• EXTRACTED MATERIAL:
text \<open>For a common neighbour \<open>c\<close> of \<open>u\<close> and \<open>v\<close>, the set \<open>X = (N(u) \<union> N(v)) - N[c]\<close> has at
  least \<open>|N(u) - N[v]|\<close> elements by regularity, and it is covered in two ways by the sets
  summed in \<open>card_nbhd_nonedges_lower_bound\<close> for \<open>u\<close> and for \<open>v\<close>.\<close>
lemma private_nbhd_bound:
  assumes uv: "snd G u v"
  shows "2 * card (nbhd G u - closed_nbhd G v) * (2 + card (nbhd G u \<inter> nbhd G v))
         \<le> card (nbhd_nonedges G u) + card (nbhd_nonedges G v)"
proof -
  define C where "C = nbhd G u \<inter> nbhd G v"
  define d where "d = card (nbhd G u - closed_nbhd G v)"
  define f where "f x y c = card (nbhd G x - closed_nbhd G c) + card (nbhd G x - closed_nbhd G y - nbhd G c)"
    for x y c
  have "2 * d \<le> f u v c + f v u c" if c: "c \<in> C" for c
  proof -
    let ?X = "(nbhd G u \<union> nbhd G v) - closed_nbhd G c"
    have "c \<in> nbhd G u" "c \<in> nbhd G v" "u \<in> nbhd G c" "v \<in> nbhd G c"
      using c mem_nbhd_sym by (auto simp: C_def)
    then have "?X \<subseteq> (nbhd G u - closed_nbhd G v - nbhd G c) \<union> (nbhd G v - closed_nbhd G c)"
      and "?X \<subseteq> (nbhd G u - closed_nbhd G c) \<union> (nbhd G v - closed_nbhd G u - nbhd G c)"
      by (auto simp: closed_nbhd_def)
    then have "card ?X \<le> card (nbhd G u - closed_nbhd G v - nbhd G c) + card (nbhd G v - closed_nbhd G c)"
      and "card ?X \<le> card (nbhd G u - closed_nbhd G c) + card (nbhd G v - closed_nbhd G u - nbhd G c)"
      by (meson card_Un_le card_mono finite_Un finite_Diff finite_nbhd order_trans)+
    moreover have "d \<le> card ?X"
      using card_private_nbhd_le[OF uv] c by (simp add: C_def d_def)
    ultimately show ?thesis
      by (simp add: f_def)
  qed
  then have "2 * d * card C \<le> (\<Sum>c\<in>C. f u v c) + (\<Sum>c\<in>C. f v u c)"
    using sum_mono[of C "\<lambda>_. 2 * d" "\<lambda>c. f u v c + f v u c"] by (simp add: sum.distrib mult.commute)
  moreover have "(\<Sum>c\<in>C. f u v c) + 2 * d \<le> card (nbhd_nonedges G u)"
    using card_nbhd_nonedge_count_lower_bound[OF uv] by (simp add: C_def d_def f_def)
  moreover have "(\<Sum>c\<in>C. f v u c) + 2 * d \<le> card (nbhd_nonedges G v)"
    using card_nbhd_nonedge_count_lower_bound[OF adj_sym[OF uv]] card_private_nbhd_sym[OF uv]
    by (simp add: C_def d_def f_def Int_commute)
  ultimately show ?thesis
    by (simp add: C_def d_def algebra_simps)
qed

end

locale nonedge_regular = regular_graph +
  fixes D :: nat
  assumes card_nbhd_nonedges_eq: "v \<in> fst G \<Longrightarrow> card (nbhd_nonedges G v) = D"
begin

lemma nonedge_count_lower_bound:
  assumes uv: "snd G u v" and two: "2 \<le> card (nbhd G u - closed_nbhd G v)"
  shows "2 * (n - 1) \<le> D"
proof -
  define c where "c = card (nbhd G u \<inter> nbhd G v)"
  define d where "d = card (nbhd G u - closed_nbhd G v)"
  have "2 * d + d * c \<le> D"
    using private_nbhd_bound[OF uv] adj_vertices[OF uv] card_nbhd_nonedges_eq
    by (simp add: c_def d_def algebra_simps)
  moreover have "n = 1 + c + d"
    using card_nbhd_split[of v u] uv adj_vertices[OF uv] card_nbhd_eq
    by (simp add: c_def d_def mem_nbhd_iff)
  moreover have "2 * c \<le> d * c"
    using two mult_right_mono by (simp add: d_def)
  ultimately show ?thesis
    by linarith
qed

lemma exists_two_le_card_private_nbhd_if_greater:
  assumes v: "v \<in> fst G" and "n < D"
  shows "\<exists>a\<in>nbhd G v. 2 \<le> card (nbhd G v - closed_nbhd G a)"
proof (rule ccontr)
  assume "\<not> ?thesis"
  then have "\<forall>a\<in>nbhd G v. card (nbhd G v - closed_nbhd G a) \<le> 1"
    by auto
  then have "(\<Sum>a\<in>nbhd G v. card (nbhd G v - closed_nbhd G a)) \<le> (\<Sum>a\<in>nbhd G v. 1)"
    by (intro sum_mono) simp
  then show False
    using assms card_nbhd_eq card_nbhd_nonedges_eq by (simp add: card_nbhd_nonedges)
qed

• WHAT NEEDS TO BE DONE: Within the listing above, extract exactly the lines from the line with "by (meson card_Un_le" to the line with "d + d * c \<le>", the two named lines included, and no others.

• RESPONSE:
      by (meson card_Un_le card_mono finite_Un finite_Diff finite_nbhd order_trans)+
    moreover have "d \<le> card ?X"
      using card_private_nbhd_le[OF uv] c by (simp add: C_def d_def)
    ultimately show ?thesis
      by (simp add: f_def)
  qed
  then have "2 * d * card C \<le> (\<Sum>c\<in>C. f u v c) + (\<Sum>c\<in>C. f v u c)"
    using sum_mono[of C "\<lambda>_. 2 * d" "\<lambda>c. f u v c + f v u c"] by (simp add: sum.distrib mult.commute)
  moreover have "(\<Sum>c\<in>C. f u v c) + 2 * d \<le> card (nbhd_nonedges G u)"
    using card_nbhd_nonedge_count_lower_bound[OF uv] by (simp add: C_def d_def f_def)
  moreover have "(\<Sum>c\<in>C. f v u c) + 2 * d \<le> card (nbhd_nonedges G v)"
    using card_nbhd_nonedge_count_lower_bound[OF adj_sym[OF uv]] card_private_nbhd_sym[OF uv]
    by (simp add: C_def d_def f_def Int_commute)
  ultimately show ?thesis
    by (simp add: C_def d_def algebra_simps)
qed

end

locale nonedge_regular = regular_graph +
  fixes D :: nat
  assumes card_nbhd_nonedges_eq: "v \<in> fst G \<Longrightarrow> card (nbhd_nonedges G v) = D"
begin

lemma nonedge_count_lower_bound:
  assumes uv: "snd G u v" and two: "2 \<le> card (nbhd G u - closed_nbhd G v)"
  shows "2 * (n - 1) \<le> D"
proof -
  define c where "c = card (nbhd G u \<inter> nbhd G v)"
  define d where "d = card (nbhd G u - closed_nbhd G v)"
  have "2 * d + d * c \<le> D"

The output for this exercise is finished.